■ RECORDED INFORMATION
== Segment start ==
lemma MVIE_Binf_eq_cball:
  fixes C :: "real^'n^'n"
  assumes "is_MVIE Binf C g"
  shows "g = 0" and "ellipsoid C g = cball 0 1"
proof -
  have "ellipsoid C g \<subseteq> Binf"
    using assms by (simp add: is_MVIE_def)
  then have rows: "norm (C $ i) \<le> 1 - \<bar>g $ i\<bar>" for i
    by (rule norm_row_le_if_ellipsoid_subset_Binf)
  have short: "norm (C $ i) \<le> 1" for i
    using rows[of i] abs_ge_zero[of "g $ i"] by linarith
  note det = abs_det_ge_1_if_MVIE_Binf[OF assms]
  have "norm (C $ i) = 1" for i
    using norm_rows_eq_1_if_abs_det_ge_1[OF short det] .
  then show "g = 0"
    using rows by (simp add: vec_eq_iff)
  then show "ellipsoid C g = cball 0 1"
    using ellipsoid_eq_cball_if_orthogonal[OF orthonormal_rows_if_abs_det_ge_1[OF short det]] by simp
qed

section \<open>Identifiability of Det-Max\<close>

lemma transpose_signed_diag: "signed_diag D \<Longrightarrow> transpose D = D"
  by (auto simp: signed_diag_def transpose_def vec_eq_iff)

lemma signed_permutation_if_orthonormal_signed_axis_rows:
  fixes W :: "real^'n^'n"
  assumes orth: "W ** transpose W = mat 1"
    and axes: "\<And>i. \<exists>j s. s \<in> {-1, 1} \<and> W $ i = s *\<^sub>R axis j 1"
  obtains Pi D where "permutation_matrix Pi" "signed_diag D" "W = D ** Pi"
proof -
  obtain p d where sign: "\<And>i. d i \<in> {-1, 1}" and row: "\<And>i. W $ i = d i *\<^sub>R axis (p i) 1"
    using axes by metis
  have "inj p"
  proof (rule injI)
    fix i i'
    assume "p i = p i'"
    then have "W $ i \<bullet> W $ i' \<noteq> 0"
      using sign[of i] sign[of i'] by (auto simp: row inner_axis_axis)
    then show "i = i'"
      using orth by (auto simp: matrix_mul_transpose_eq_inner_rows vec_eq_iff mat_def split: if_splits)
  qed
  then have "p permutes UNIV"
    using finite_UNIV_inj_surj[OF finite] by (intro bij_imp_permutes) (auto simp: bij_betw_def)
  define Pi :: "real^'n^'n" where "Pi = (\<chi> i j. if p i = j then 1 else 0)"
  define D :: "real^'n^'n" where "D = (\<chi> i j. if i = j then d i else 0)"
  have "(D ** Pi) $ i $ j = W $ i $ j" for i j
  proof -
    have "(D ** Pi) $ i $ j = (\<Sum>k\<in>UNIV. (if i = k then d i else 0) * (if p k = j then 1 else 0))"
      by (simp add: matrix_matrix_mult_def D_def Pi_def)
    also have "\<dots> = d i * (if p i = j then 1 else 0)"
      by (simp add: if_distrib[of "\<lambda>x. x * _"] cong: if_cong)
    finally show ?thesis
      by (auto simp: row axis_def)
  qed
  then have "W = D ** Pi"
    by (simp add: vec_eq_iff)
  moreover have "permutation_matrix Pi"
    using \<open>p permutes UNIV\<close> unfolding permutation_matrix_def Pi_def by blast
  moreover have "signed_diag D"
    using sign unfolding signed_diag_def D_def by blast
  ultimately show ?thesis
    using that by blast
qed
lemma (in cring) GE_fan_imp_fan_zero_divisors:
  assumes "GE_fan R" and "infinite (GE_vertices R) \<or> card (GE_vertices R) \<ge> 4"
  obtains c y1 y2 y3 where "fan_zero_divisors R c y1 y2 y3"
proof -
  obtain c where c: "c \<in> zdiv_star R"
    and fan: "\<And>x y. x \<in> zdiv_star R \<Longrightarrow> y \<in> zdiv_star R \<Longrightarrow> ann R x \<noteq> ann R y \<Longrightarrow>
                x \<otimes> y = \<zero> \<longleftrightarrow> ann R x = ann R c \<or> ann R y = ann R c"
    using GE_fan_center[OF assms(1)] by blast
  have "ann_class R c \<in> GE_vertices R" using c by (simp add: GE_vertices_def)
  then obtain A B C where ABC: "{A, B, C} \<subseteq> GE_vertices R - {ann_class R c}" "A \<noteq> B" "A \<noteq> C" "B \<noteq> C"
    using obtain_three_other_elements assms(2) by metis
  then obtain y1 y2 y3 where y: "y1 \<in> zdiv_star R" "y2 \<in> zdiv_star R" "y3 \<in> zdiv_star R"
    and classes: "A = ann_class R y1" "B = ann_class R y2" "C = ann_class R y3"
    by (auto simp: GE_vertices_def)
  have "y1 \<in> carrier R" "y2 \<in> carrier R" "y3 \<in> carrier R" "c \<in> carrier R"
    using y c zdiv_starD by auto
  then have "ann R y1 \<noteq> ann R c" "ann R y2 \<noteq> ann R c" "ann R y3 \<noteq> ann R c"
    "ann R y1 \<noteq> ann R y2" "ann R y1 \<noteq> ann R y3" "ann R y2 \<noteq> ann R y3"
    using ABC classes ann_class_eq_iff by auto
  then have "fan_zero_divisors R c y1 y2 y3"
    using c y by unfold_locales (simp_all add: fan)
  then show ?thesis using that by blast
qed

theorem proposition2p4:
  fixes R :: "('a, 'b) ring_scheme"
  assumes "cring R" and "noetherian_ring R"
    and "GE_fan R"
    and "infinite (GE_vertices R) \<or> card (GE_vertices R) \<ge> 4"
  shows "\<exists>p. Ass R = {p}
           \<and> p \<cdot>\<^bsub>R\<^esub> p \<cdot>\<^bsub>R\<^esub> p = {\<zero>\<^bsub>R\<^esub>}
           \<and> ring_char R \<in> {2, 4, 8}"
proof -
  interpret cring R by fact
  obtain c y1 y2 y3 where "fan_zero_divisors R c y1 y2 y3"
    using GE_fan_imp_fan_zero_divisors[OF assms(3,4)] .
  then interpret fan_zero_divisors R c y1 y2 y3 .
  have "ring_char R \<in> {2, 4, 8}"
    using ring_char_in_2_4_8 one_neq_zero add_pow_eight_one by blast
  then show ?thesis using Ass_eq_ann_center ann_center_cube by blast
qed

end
== Segment end ==
■ PROBLEM REQUIREMENTS
One number is the whole answer: how many lines in the records contain "real".

■ RESPONSE TO THIS TASK
4